Se plantea el diagnóstico diferencial con otras entidades fibro-óseas como la displasia óseo-cementaria (displasia focal periapical y florida) (5,6), la displasia fibrosa (1) y otras como el osteoma osteoide, el osteoblastoma o la osteomielitis crónica esclerosante (31). En caso de estrecha relación con los ápices de los dientes, como los casos presentados, podría plantearse el diagnóstico diferencial con la periodontitis periapical crónica (32-35), aunque nunca hay que descartar otras lesiones radiotrasparentes mandibulares como el quiste óseo solitario, queratoquiste, ameloblastoma, granuloma de células gigantes, mixoma, etc. (36). En este sentido están descritos algunos queratoquistes (9,10) que se manifestaron como lesiones periapicales, tumor odontogénico adenomatoide (11) y diversas lesiones malignas como el mieloma múltiple (12), metástasis de carcinoma pulmonar (13) o de carcinoma renal (14). Los dos casos presentados también se manifestaron como lesiones periapicales, si bien solamente uno de ellos fue tratado, por su dentista, como tal, mientras que en el segundo de los casos se llegó finalmente al diagnóstico tras la cirugía. La singularidad de ambos casos radica en su escasa sintomatología, inespecífica radiología (ausencia de calcificaciones intralesionales) y facilidad para el error diagnóstico al mostrarse en estrecha relación con los ápices dentales.

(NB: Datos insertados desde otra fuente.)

lemma edge_Some_iff:
  assumes "m \<in> V - I" and "n \<in> V - I"
  shows "E' (Some m) (Some n) \<longleftrightarrow> E m n"
proof
  assume "E' (Some m) (Some n)"
  then obtain b where "b \<in> A - I" "m \<otimes>\<^bsub>M\<^esub> b = n"
    unfolding cayley_edge_def by (auto simp: mult_rees split: option.splits if_splits)
  then show "E m n" using assms unfolding cayley_edge_def by blast
next
  assume "E m n"
  then obtain a where a: "a \<in> A" "m \<otimes>\<^bsub>M\<^esub> a = n" unfolding cayley_edge_def by blast
  then have "a \<notin> I" using assms ideal_absorbs generators_subset by blast
  then show "E' (Some m) (Some n)"
    using a assms unfolding cayley_edge_def by (auto simp: carrier_rees mult_rees)
qed

lemma edge_into_complement: "E x y \<Longrightarrow> y \<in> V - I \<Longrightarrow> x \<in> V - I"
  unfolding cayley_edge_def using ideal_absorbs generators_subset by blast

lemma dpath_Some_iff:
  assumes "set xs \<subseteq> V - I"
  shows "is_dpath V' E' (map Some xs) \<longleftrightarrow> is_dpath V E xs"
proof (rule is_dpath_map_iff)
  show "E' (Some x) (Some y) \<longleftrightarrow> E x y" if "x \<in> V - I" "y \<in> V - I" for x y
    using that by (rule edge_Some_iff)
qed (use assms in \<open>auto simp: carrier_rees\<close>)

En la histopatología es típico encontrar un estroma fibroblástico benigno con variada celularidad, si bien, las mitosis son raras. En el interior del estroma fibroso aparecen masas de tejido mineralizado de aspecto basófilo que se corresponde con material osteoide o cemento. Se distribuyen por todo el tumor con mayor o menor presencia y se acompañan de calcificaciones distróficas que adoptan un color más oscuro o basófilo (5,7). Según Voytec y cols. (32) las diferencias entre la displasia fibrosa y el FCO no siempre se muestran en todas y cada una de las secciones del tumor, por lo que algunos casos podrían ser mal diagnosticados por este motivo. El patrón histológico de las dos lesiones concuerda con lo expresado por los autores (5,7,32) respecto a la celularidad predominantemente fibrosa de estos tumores y la presencia de masas de tejido cementificante, con mayor o menor grado de calcificación.

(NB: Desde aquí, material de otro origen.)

lemma cas_add_diff: "cas (x + y) + cas (x - y) = 2 * cos y * cas x"
  by (simp add: cas_def sin_add sin_diff cos_add cos_diff algebra_simps)

definition hartley :: "nat \<Rightarrow> nat \<Rightarrow> nat \<Rightarrow> real" where
  "hartley N k j = cas (2 * pi * real k * real j / real N) / sqrt (real N)"

lemma hartley_commute: "hartley N k j = hartley N j k"
  by (simp add: hartley_def mult_ac)

lemma hartley_orthonormal:
  assumes N: "N > 0" and "k < N" "l < N"
  shows "(\<Sum>j<N. hartley N k j * hartley N l j) = (if k = l then 1 else 0)"
proof -
  have products: "hartley N k j * hartley N l j = (cos (2 * pi * real_of_int (int k - int l) * real j / real N)
        + sin (2 * pi * real_of_int (int k + int l) * real j / real N)) / real N" for j
  proof -
    have "hartley N k j * hartley N l j = (cos (2 * pi * real k * real j / real N - 2 * pi * real l * real j / real N)
        + sin (2 * pi * real k * real j / real N + 2 * pi * real l * real j / real N)) / real N"
      using N by (simp add: hartley_def flip: cas_mult)
    then show ?thesis by (simp add: diff_divide_distrib add_divide_distrib algebra_simps)
  qed
  have "(\<Sum>j<N. hartley N k j * hartley N l j) = (if int N dvd int k - int l then 1 else 0)"
    unfolding products sum_divide_distrib[symmetric] sum.distrib sum_cos_multiples[OF N] sum_sin_multiples[OF N]
    using N by simp
  also have "int N dvd int k - int l \<longleftrightarrow> k = l"
    using assms by (simp flip: mod_eq_dvd_iff add: zmod_int)
  finally show ?thesis .
qed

El tratamiento quirúrgico consiste en la extirpación conservadora de la lesión, facilitada por la existencia de una zona de clivaje quirúrgico y la presencia de una masa tumoral bien definida. Los dos casos fueron intervenidos quirúrgicamente, y tratados mediante la escisión simple y cureteado de la cavidad, que es el tratamiento propuesto para este tipo de tumores (16,34,35), observando en ambos casos una buena evolución de los pacientes. En los casos más agresivos la dificultad quirúrgica radica más en la restitución del hueso afectado (suelo del seno maxilar, pared de la cavidad nasal, etc) que en la propia extirpación del tumor, que debe completarse siempre con el curetaje del lecho quirúrgico (16). Las recidivas tumorales están descritas (33) pero son muy infrecuentes (34,35). Tras un año de seguimiento de los pacientes no observamos ninguna recidiva de la lesión.